Explain whether oxidation, reductio, or neither occurs in the following reactions :
(a) `H_2 C= CH_2 rarr H_3 C - CH_3`
(b) `HC -= CH rarr H_3 C- CH = O`
( c) `CH_4 rarr CH_3 OH`
(d) `H_2 CB r_2 rarr H_2 C = O`
II. Give the structural formula for the simplest hydrocarbon in which `C` has a zero `O.N`.

(a) Reduction, because `O.N`. Of `C` changes from `-2` to `-3`
`H_2 C = CH_2 (C_2 H_4) : 2x + 4 = 0, x = - 2`
`H_3 C - CH_3(C_2 H_6) : 2 x + 6 = 0, x = - 3`
(b) Neither, because `O.N` of `C` in both reactant and products is `-1`, i.e., no change in `O.N`.
`CH -= CH , (C_2 H_2) : 2 x + 2 = 0, x = -1`
`CH_3 OH(CH_4 O) = 2x + 4 - 2 = 0, x= -1`
( c) Oxidation, because `O.N` of `C` changes from `-4` to `-2`
`CH_4 = x + 4 = 0. x =-4`
`CH_3 OH(CH_4 O) = x + 4 - 2 = 0, x = -2`
(d) Neither, because `O.N` of `C` in both reactant and product is zero, i.e., no change in `O.N`.
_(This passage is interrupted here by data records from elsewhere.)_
lemma cap_ext_scale_less:
  assumes "ce u < ereal e"
  shows "ce (\<lambda>x. a * u x) < ereal ((\<bar>a\<bar> + 1) * e)"
proof -
  obtain F A where F: "lsc F" "\<And>x. \<bar>u x\<bar> \<le> F x" "cl F = ereal A" "A < e"
    using cap_ext_lessE[OF assms] by blast
  define r where "r = \<bar>a\<bar> + 1"
  have r: "r > 0" "\<bar>a\<bar> \<le> r"
    unfolding r_def by auto
  have "\<bar>a * u x\<bar> \<le> r * F x" for x
    unfolding abs_mult using r F(2)[of x] by (intro mult_mono) auto
  then have "ce (\<lambda>x. a * u x) \<le> cl (\<lambda>x. r * F x)"
    using lsc_scale[OF F(1) r(1)] by (intro cap_ext_le_cap_lsc)
  also have "\<dots> \<le> ereal (r * A)"
    using cap_lsc_scale[OF r(1)] F(3) by simp
  also have "\<dots> < ereal (r * e)"
    using F(4) r(1) by simp
  finally show ?thesis
    unfolding r_def .
qed

lemma cap_ext_mono: "(\<And>x. \<bar>u x\<bar> \<le> \<bar>v x\<bar>) \<Longrightarrow> ce u \<le> ce v"
  unfolding cap_ext_def by (rule INF_superset_mono) (auto intro: order_trans)

lemma cap_ext_diff_commute: "ce (\<lambda>x. u x - v x) = ce (\<lambda>x. v x - u x)"
  by (intro antisym cap_ext_mono) (simp_all add: abs_minus_commute)

lemma cap_ext_eq_c:
  assumes "f \<in> L"
  shows "ce f = ereal (c f)"
proof (rule antisym)
  have "ce f \<le> cl (\<lambda>x. \<bar>f x\<bar>)"
    using assms continuous by (intro cap_ext_le_cap_lsc lsc_abs_continuous) auto
  also have "\<dots> \<le> ereal (c f)"
    unfolding cap_lsc_eq minorants_def using assms by (intro SUP_least) (auto intro!: c_mono)
  finally show "ce f \<le> ereal (c f)" .
next
  show "ereal (c f) \<le> ce f"
    unfolding cap_ext_def
  proof (rule INF_greatest)
    fix F
    assume "F \<in> {F. lsc F \<and> (\<forall>x. \<bar>f x\<bar> \<le> F x)}"
    then have "(\<lambda>x. \<bar>f x\<bar>) \<in> minorants F"
      using assms unfolding minorants_def by (auto intro: abs_closed)
    then show "ereal (c f) \<le> cl F"
      using cap_lsc_upper[of "\<lambda>x. \<bar>f x\<bar>" F] by (simp add: c_abs)
  qed
qed

lemma cap_ext_zero: "ce (\<lambda>x. 0) = 0"
  using cap_ext_eq_c[OF const_closed] c_zero by (simp add: zero_ereal_def)

lemma cap_ext_triangle_less:
  assumes "ce (\<lambda>x. g x - f x) < ereal e" "ce (\<lambda>x. g x - h x) < ereal e'"
  shows "ce (\<lambda>x. h x - f x) < ereal (e' + e)"
proof -
  have "ce (\<lambda>x. h x - g x) < ereal e'"
    using assms(2) by (simp add: cap_ext_diff_commute[of h g])
  then have "ce (\<lambda>x. (h x - g x) + (g x - f x)) < ereal (e' + e)"
    using assms(1) by (rule cap_ext_add_less)
  then show ?thesis
    by simp
qed

lemma L1_approx: "g \<in> L1 \<Longrightarrow> e > 0 \<Longrightarrow> \<exists>f\<in>L. ce (\<lambda>x. g x - f x) < ereal e"
  unfolding L1_carrier_def by blast

lemma L1_intro:
  assumes "\<And>e. e > 0 \<Longrightarrow> \<exists>f\<in>L. ce (\<lambda>x. g x - f x) < ereal e"
  shows "g \<in> L1"
proof -
  obtain f where f: "f \<in> L" "ce (\<lambda>x. g x - f x) < ereal 1"
    using assms[of 1] by auto
  have "ce f < ereal (c f + 1)"
    using cap_ext_eq_c[OF f(1)] by simp
  then have "ce (\<lambda>x. (g x - f x) + f x) < ereal (1 + (c f + 1))"
    using cap_ext_add_less[OF f(2)] by blast
  then have "ce g < \<infinity>"
    using less_trans by fastforce
  with assms show ?thesis
    unfolding L1_carrier_def by blast
qed

lemma L_subset_L1: "f \<in> L \<Longrightarrow> f \<in> L1"
  by (rule L1_intro) (auto intro!: bexI[of _ f] simp: cap_ext_zero zero_ereal_def)

lemma L1_add:
  assumes "g \<in> L1" "h \<in> L1"
  shows "(\<lambda>x. g x + h x) \<in> L1"
proof (rule L1_intro)
  fix e :: real
  assume "e > 0"
  then obtain f k where "f \<in> L" "ce (\<lambda>x. g x - f x) < ereal (e / 2)"
    and "k \<in> L" "ce (\<lambda>x. h x - k x) < ereal (e / 2)"
    using L1_approx[OF assms(1)] L1_approx[OF assms(2)] by (meson half_gt_zero)
  moreover have "(\<lambda>x. (g x - f x) + (h x - k x)) = (\<lambda>x. (g x + h x) - (f x + k x))"
    by (auto simp: fun_eq_iff)
  ultimately show "\<exists>f\<in>L. ce (\<lambda>x. g x + h x - f x) < ereal e"
    using cap_ext_add_less[of "\<lambda>x. g x - f x" "e / 2" "\<lambda>x. h x - k x" "e / 2"]
    by (intro bexI[of _ "\<lambda>x. f x + k x"] add_closed) auto
qed

lemma L1_scale:
  assumes "g \<in> L1"
  shows "(\<lambda>x. a * g x) \<in> L1"
proof (rule L1_intro)
  fix e :: real
  assume "e > 0"
  define e' where "e' = e / (\<bar>a\<bar> + 1)"
  have "e' > 0" "(\<bar>a\<bar> + 1) * e' = e"
    unfolding e'_def using \<open>e > 0\<close> by (auto simp: field_simps)
  then obtain f where "f \<in> L" "ce (\<lambda>x. g x - f x) < ereal e'"
    using L1_approx[OF assms] by blast
  moreover have "(\<lambda>x. a * (g x - f x)) = (\<lambda>x. a * g x - a * f x)"
    by (auto simp: fun_eq_iff algebra_simps)
  ultimately show "\<exists>f\<in>L. ce (\<lambda>x. a * g x - f x) < ereal e"
    using cap_ext_scale_less[of "\<lambda>x. g x - f x" e' a] \<open>(\<bar>a\<bar> + 1) * e' = e\<close>
    by (intro bexI[of _ "\<lambda>x. a * f x"] scale_closed) auto
qed

lemma L1_add_const: "g \<in> L1 \<Longrightarrow> (\<lambda>x. g x + a) \<in> L1"
  using L1_add[of g "\<lambda>x. a"] L_subset_L1[OF const_closed] by simp

end

section \<open>Extension of Lipschitz functionals\<close>

definition L1_approx_seq ::
  "('a::topological_space \<Rightarrow> real) set \<Rightarrow> (('a \<Rightarrow> real) \<Rightarrow> real) \<Rightarrow> ('a \<Rightarrow> real) \<Rightarrow> nat \<Rightarrow> 'a \<Rightarrow> real" where
  "L1_approx_seq L c g n = (SOME f. f \<in> L \<and> cap_ext L c (\<lambda>x. g x - f x) < ereal (1 / real (Suc n)))"

definition L1_extension ::
  "('a::topological_space \<Rightarrow> real) set \<Rightarrow> (('a \<Rightarrow> real) \<Rightarrow> real) \<Rightarrow> (('a \<Rightarrow> real) \<Rightarrow> real) \<Rightarrow> ('a \<Rightarrow> real) \<Rightarrow> real" where
  "L1_extension L c P g = lim (\<lambda>n. P (L1_approx_seq L c g n))"

locale lipschitz_extension = L1_setting L \<rho>1 c
  for L :: "('a::topological_space \<Rightarrow> real) set" and \<rho>1 c +
  fixes P :: "('a \<Rightarrow> real) \<Rightarrow> real"
  assumes P_lipschitz: "X \<in> L \<Longrightarrow> Y \<in> L \<Longrightarrow> \<bar>P X - P Y\<bar> \<le> c (\<lambda>x. X x - Y x)"
begin

abbreviation E where "E \<equiv> L1_extension L c P"

lemma P_close:
  assumes "X \<in> L" "Y \<in> L" "ce (\<lambda>x. X x - Y x) < ereal e"
  shows "\<bar>P X - P Y\<bar> < e"
  using P_lipschitz[OF assms(1,2)] assms(3) cap_ext_eq_c[OF diff_closed[OF assms(1,2)]] by simp

lemma L1_approx_seq:
  assumes "g \<in> L1"
  shows "L1_approx_seq L c g n \<in> L"
    and "ce (\<lambda>x. g x - L1_approx_seq L c g n x) < ereal (1 / real (Suc n))"
proof -
  have "\<exists>f. f \<in> L \<and> ce (\<lambda>x. g x - f x) < ereal (1 / real (Suc n))"
    using L1_approx[OF assms, of "1 / real (Suc n)"] by auto
  then have "L1_approx_seq L c g n \<in> L \<and> ce (\<lambda>x. g x - L1_approx_seq L c g n x) < ereal (1 / real (Suc n))"
    unfolding L1_approx_seq_def by (rule someI_ex)
  then show "L1_approx_seq L c g n \<in> L"
    and "ce (\<lambda>x. g x - L1_approx_seq L c g n x) < ereal (1 / real (Suc n))"
    by auto
qed

lemma L1_approx_seq_close:
  assumes "g \<in> L1" "f \<in> L" "ce (\<lambda>x. g x - f x) < ereal e"
  shows "\<bar>P (L1_approx_seq L c g n) - P f\<bar> < 1 / real (Suc n) + e"
  using L1_approx_seq[OF assms(1)] assms(2,3) by (intro P_close cap_ext_triangle_less)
`H_2 CB r_2 -= x + 2 - 2 = 0, x = 0`
`CH_2 O = x + 2 - 2 = 0, x = 0`
II. The simplest hydrocarbon is `(HC -= CH)`. The number of `H` atoms and `C` atoms must be same so that their oxidation number with opposite signs would cancel.